As humankind enters the 21st century…the advent of global computer networks has rendered geographic boundaries increasingly porous and ephemeral…

As the community of Internet users grows increasingly diverse, and the range of on-line interaction expands, disputes of every kind may be expected to occur…federal legislature has begun paying some attention to the network, and state regulators seem equally anxious to leave their mark on the burgeoning field of “cyberlaw”…

Of course, even without the enactment of new laws or regulations, there are already on the books plenty of laws that states might apply to the Internet…

By contrast, the Attorney General of Florida, has opined that because of the novel nature of the Net, forays into on-line enforcement of current law would be premature.

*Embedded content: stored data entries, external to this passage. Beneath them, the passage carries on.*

lemma conditions_imp_commuting:
  assumes "diagonal_blocks_coincide n m tU tV"
    and "source_cross_blocks_vanish n m tU" and "target_cross_blocks_vanish n m tV"
    and tU: "dsum_linear n n tU" and tV: "dsum_linear m m tV"
  shows "commutes_with_equivariant n m tU tV"
proof (intro allI impI ballI)
  fix L u assume L: "dsum_equivariant n m L" and u: "u \<in> dsum I W n"
  have lin: "dsum_linear n m L" using equivariant_lin_on[OF L] .
  show "tV (L u) = L (tU u)"
  proof (rule dsum_additive_eqI[OF _ _ _ _ u])
    fix x y assume x: "x \<in> dsum I W n" and y: "y \<in> dsum I W n"
    show "tV (L (x + y)) = tV (L x) + tV (L y)"
      using lin_on_add[OF lin x y] lin_on_add[OF tV lin_on_mem[OF lin x] lin_on_mem[OF lin y]] by simp
    show "L (tU (x + y)) = L (tU x) + L (tU y)"
      using lin_on_add[OF tU x y] lin_on_add[OF lin lin_on_mem[OF tU x] lin_on_mem[OF tU y]] by simp
  qed (use zero_in_W commuting_on_dinj[OF assms L] in simp_all)
qed

theorem commutes_with_equivariant_iff:
  assumes tU: "dsum_linear n n tU" and tV: "dsum_linear m m tV"
  shows "commutes_with_equivariant n m tU tV \<longleftrightarrow> diagonal_blocks_coincide n m tU tV
    \<and> source_cross_blocks_vanish n m tU \<and> target_cross_blocks_vanish n m tV"
proof (intro iffI conjI)
  assume H: "commutes_with_equivariant n m tU tV"
  show "diagonal_blocks_coincide n m tU tV" using H tV by (rule commuting_imp_diagonal_blocks_coincide)
  show "source_cross_blocks_vanish n m tU" using H tV by (rule commuting_imp_source_cross_blocks_vanish)
  show "target_cross_blocks_vanish n m tV" using H by (rule commuting_imp_target_cross_blocks_vanish)
next
  assume "diagonal_blocks_coincide n m tU tV
    \<and> source_cross_blocks_vanish n m tU \<and> target_cross_blocks_vanish n m tV"
  then show "commutes_with_equivariant n m tU tV"
    using conditions_imp_commuting[OF _ _ _ tU tV] by blast
qed

end

theorem proposition5p1:
  fixes G :: "('g, 'b) monoid_scheme"
    and s :: "'a::field \<Rightarrow> 'w::ab_group_add \<Rightarrow> 'w"
    and I :: "'k set" and W :: "'k \<Rightarrow> 'w set" and \<rho> :: "'k \<Rightarrow> 'g \<Rightarrow> 'w \<Rightarrow> 'w"
    and n m :: "'k \<Rightarrow> nat"
    and tU tV :: "('k \<Rightarrow> nat \<Rightarrow> 'w) \<Rightarrow> ('k \<Rightarrow> nat \<Rightarrow> 'w)"
  assumes "group G"
    and "vector_space s"
    and "\<forall>k\<in>I. is_rep G s (W k) (\<rho> k) \<and> irred_rep G s (W k) (\<rho> k) \<and> schur_strong G s (W k) (\<rho> k)"
    and "\<forall>k\<in>I. \<forall>l\<in>I. k \<noteq> l \<longrightarrow> \<not> rep_iso G s (W k) (W l) (\<rho> k) (\<rho> l)"
    and "lin_on (dscale s) (dscale s) (dsum I W n) (dsum I W n) tU"
    and "lin_on (dscale s) (dscale s) (dsum I W m) (dsum I W m) tV"
  shows "(\<forall>L. equivariant G (dscale s) (dscale s) (dsum I W n) (dsum I W m) (drep I n \<rho>) (drep I m \<rho>) L
             \<longrightarrow> (\<forall>u\<in>dsum I W n. tV (L u) = L (tU u)))
    \<longleftrightarrow>
    ((\<forall>k\<in>I. m k \<noteq> 0 \<and> n k \<noteq> 0 \<longrightarrow>
        (\<forall>i<m k. \<forall>i'<m k. i \<noteq> i' \<longrightarrow> (\<forall>w\<in>W k. blk tV k i k i' w = 0))
      \<and> (\<forall>j<n k. \<forall>j'<n k. j \<noteq> j' \<longrightarrow> (\<forall>w\<in>W k. blk tU k j k j' w = 0))
      \<and> (\<forall>i<m k. \<forall>j<n k. \<forall>w\<in>W k. blk tV k i k i w = blk tU k j k j w))
   \<and> (\<forall>k\<in>I. \<forall>l\<in>I. k \<noteq> l \<and> m k \<noteq> 0 \<and> n k \<noteq> 0 \<and> n l \<noteq> 0 \<longrightarrow>
        (\<forall>i<n k. \<forall>j<n l. \<forall>w\<in>W l. blk tU k i l j w = 0))
   \<and> (\<forall>k\<in>I. \<forall>l\<in>I. k \<noteq> l \<and> m k \<noteq> 0 \<and> m l \<noteq> 0 \<and> n l \<noteq> 0 \<longrightarrow>
        (\<forall>i<m k. \<forall>j<m l. \<forall>w\<in>W l. blk tV k i l j w = 0)))"
proof -
  interpret irrep_family s G I W \<rho>
    by (intro irrep_family.intro irrep_family_axioms.intro) (use assms(2-4) in auto)
  show ?thesis
    using commutes_with_equivariant_iff[OF assms(5,6)] .
qed

end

The wisdom of the Florida position becomes apparent when the nature of the Internet is carefully considered. The Internet extends beyond the boundaries of any of the states, and the effects of state regulation will likewise spill over state borders. Such regulatory leakage implicates constitutional doctrines designed to preserve both the sovereignty of the individual states and the coherence of the United States as a whole. The prospect of states applying haphazard and uncoordinated multi-jurisdictional regulation to the Internet’s seamless electronic web raises profound questions regarding the continued growth and usefulness of this medium. And, given the international nature of the network, even centralized federal attempts at regulation raise grave questions regarding international sovereignty and jurisdiction.

Though Burk largely intended to address jurisdiction in his remarks, they apply well to some of the “thornier” issues that we have raised this semester. As diverse as these issues appear they share one central tenet: namely, they all stem from a failure to recognize the “novel nature of the Net.”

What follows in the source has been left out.